_What to produce_
The reply should be one number: how many lines of the data below contain "lambda".

_Available data_

lemma std_chain_prime_chain:
  assumes p: "prime p" and q: "prime q" "q \<noteq> p"
  shows "prime_chain p r (std_chain p r q) (r + 1)"
  unfolding prime_chain_def
proof (intro conjI allI impI)
  let ?Q = "{x. int q dvd x}"
  have Q: "int_prime_ideal ?Q" by (rule int_prime_ideal_multiples[OF q(1)])
  have pQ: "int p \<notin> ?Q" using p q by (auto dest: primes_dvd_imp_eq)
  have "int q \<in> ?Q" "int q \<noteq> 0" using q(1) by auto
  then have Q0: "?Q \<noteq> {0}" by blast
  have chain0: "std_chain p r q 0 = ghost_tideal p {0} r r"
    using zero_tideal_eq_ghost_tideal[OF prime_gt_0_nat[OF p]] by (simp add: std_chain_def)
  note chain = std_chain_eq_ghost_tideal[OF p q]
  fix j
  show "tprime p r (std_chain p r q j)" if "j \<le> r + 1"
  proof (cases "j = 0")
    case True
    then show ?thesis using chain0 ghost_tideal_tprime[OF p int_prime_ideal_zero] by simp
  next
    case False
    then show ?thesis using that chain[of j] ghost_tideal_tprime[OF p Q] by simp
  qed
  show "tpsubset (std_chain p r q j) (std_chain p r q (Suc j))" if "j < r + 1"
  proof (cases "j = 0")
    case True
    then show ?thesis
      using chain0 chain[of 1] ghost_tideal_zero_psubset[OF int_prime_ideal_imp_ideal[OF Q] Q0] by simp
  next
    case False
    have "r + 1 - Suc j = r + 1 - j - 1" by simp
    then show ?thesis
      using that False chain[of j] chain[of "Suc j"]
        ghost_tideal_index_psubset[OF int_prime_ideal_imp_ideal[OF Q] pQ, of "r + 1 - j" r]
      by simp
  qed
qed

section \<open>Every prime ideal is some \<open>P(Q,i)\<close>\<close>

lemma tideal_take:
  assumes P: "tideal p (Suc m) P"
  shows "tideal p m (take (Suc m) P)"
  unfolding tideal_def
proof (intro conjI allI impI ballI)
  show "length (take (Suc m) P) = Suc m" using P by (simp add: tideal_def)
  show "rideal p k (take (Suc m) P ! k)" if "k \<le> m" for k
    using P that by (simp add: tideal_def)
next
  fix k assume "k \<in> {1..m}"
  then have "k \<in> {1..Suc m}" "k - 1 < Suc m" "k < Suc m" by auto
  then show "tind k (k - 1) ` (take (Suc m) P ! (k - 1)) \<subseteq> take (Suc m) P ! k"
    and "tres p k (k - 1) ` (take (Suc m) P ! k) \<subseteq> take (Suc m) P ! (k - 1)"
    and "tjnd p k (k - 1) ` (take (Suc m) P ! (k - 1)) \<subseteq> take (Suc m) P ! k"
    using P unfolding tideal_def by simp_all
qed

lemma tprime_take:
  assumes P: "tprime p (Suc m) P"
  shows "tprime p m (take (Suc m) P)"
  unfolding tprime_def
proof (intro conjI allI impI ballI)
  show "tideal p m (take (Suc m) P)" using P by (simp add: tprime_def tideal_take)
  show "take (Suc m) P ! 0 \<noteq> elt 0" using P by (simp add: tprime_def)
  fix k l a b assume k: "k \<le> m" and l: "l \<le> k" and a: "a \<in> elt k" and b: "b \<in> elt l"
    and prod: "\<forall>i\<le>k. \<forall>j\<le>l. rmult p (max i j) (tjnd p (max i j) i (tres p k i a))
      (tjnd p (max i j) j (tres p l j b)) \<in> take (Suc m) P ! (max i j)"
  have "\<forall>i\<le>k. \<forall>j\<le>l. rmult p (max i j) (tjnd p (max i j) i (tres p k i a))
      (tjnd p (max i j) j (tres p l j b)) \<in> P ! (max i j)"
  proof (intro allI impI)
    fix i j assume "i \<le> k" "j \<le> l"
    moreover have "max i j < Suc m" using calculation k l by simp
    ultimately show "rmult p (max i j) (tjnd p (max i j) i (tres p k i a))
      (tjnd p (max i j) j (tres p l j b)) \<in> P ! (max i j)"
      using prod by (metis nth_take)
  qed
  then have "a \<in> P ! k \<or> b \<in> P ! l" using P k l a b unfolding tprime_def by simp
  then show "a \<in> take (Suc m) P ! k \<or> b \<in> take (Suc m) P ! l" using k l by simp
qed

lemma tprimeD:
  assumes "tprime p n P" "k \<le> n" "l \<le> k" "a \<in> elt k" "b \<in> elt l"
    "\<And>i j. i \<le> k \<Longrightarrow> j \<le> l \<Longrightarrow> rmult p (max i j) (tjnd p (max i j) i (tres p k i a))
          (tjnd p (max i j) j (tres p l j b)) \<in> P ! (max i j)"
  shows "a \<in> P ! k \<or> b \<in> P ! l"
  using assms unfolding tprime_def by blast

lemma tjnd_trans:
  assumes p: "prime p" and "i \<le> m" "m \<le> l"
  shows "tjnd p l m (tjnd p m i a) = tjnd p l i a"
proof (rule ghost_eqI[where p=p and k=l])
  show "p > 0" using p by (simp add: prime_gt_0_nat)
  show "tjnd p l m (tjnd p m i a) \<in> elt l" "tjnd p l i a \<in> elt l"
    using assms by (simp_all add: tjnd_elt)
  fix u assume u: "u \<le> l"
  have "(m - max (min u m) i) + (l - max u m) = l - max u i"
    using assms by (auto simp: min_def max_def)
  then have "p ^ (m - max (min u m) i) * p ^ (l - max u m) = p ^ (l - max u i)"
    by (metis power_add)
  then show "ghost p l u (tjnd p l m (tjnd p m i a)) = ghost p l u (tjnd p l i a)"
    using assms u by (simp add: ghost_tjnd power_mult[symmetric] min.assoc)
qed

lemma rmult_spike:
  assumes "p > 0" "a \<in> elt k"
  shows "rmult p k a (spike p k) = (\<lambda>j. a k * spike p k j)"
proof (rule ghost_eqI[where k=k])
  show "(\<lambda>j. a k * spike p k j) \<in> elt k" using spike_elt[of p k] by (simp add: elt_def)
  show "ghost p k t (rmult p k a (spike p k)) = ghost p k t (\<lambda>j. a k * spike p k j)" if "t \<le> k" for t
    using that assms ghost_top[of p k a] by (simp add: ghost_rmult ghost_cmult ghost_spike)
qed (use assms in \<open>simp_all add: rmult_elt\<close>)

lemma ghost_top_elt_Suc: "a \<in> elt m \<Longrightarrow> ghost p (Suc m) (Suc m) a = 0"
  by (simp add: ghost_top elt_def)

lemma rmult_basis_elt_eq_tres:
  assumes "p > 0" "a \<in> elt (Suc m)"
  shows "rmult p (Suc m) a (basis_elt 1 m) = tres p (Suc m) m a"
proof (rule ghost_eqI[where k="Suc m"])
  show "tres p (Suc m) m a \<in> elt (Suc m)" by (rule elt_mono[OF tres_elt]) simp
  fix u assume u: "u \<le> Suc m"
  show "ghost p (Suc m) u (rmult p (Suc m) a (basis_elt 1 m)) = ghost p (Suc m) u (tres p (Suc m) m a)"
  proof (cases "u \<le> m")
    case True
    then show ?thesis
      by (simp add: ghost_rmult ghost_basis_elt_Suc ghost_Suc_level_elt tres_elt ghost_tres)
  next
    case False
    then have "u = Suc m" using u by simp
    then show ?thesis by (simp add: ghost_rmult ghost_top_elt_Suc[OF basis_elt_elt] ghost_top_elt_Suc[OF tres_elt])
  qed
qed (use assms in \<open>simp_all add: rmult_elt\<close>)

lemma rmult_basis_elt_add_spike:
  assumes "p > 0" "a \<in> elt (Suc m)"
  shows "(\<lambda>j. rmult p (Suc m) a (basis_elt 1 m) j + rmult p (Suc m) a (spike p (Suc m)) j) = (\<lambda>j. int p * a j)"
proof (rule ghost_eqI[where k="Suc m"])
  show "(\<lambda>j. rmult p (Suc m) a (basis_elt 1 m) j + rmult p (Suc m) a (spike p (Suc m)) j) \<in> elt (Suc m)"
    using rmult_elt[of p "Suc m" a] by (simp add: elt_def)
  show "(\<lambda>j. int p * a j) \<in> elt (Suc m)" using assms by (simp add: elt_def)
  fix t assume t: "t \<le> Suc m"
  then show "ghost p (Suc m) t (\<lambda>j. rmult p (Suc m) a (basis_elt 1 m) j + rmult p (Suc m) a (spike p (Suc m)) j)
    = ghost p (Suc m) t (\<lambda>j. int p * a j)"
    by (cases "t = Suc m")
      (simp_all add: ghost_add ghost_rmult ghost_cmult ghost_spike ghost_basis_elt_Suc ghost_top_elt_Suc[OF basis_elt_elt])
qed (use assms in simp)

_Task response_
8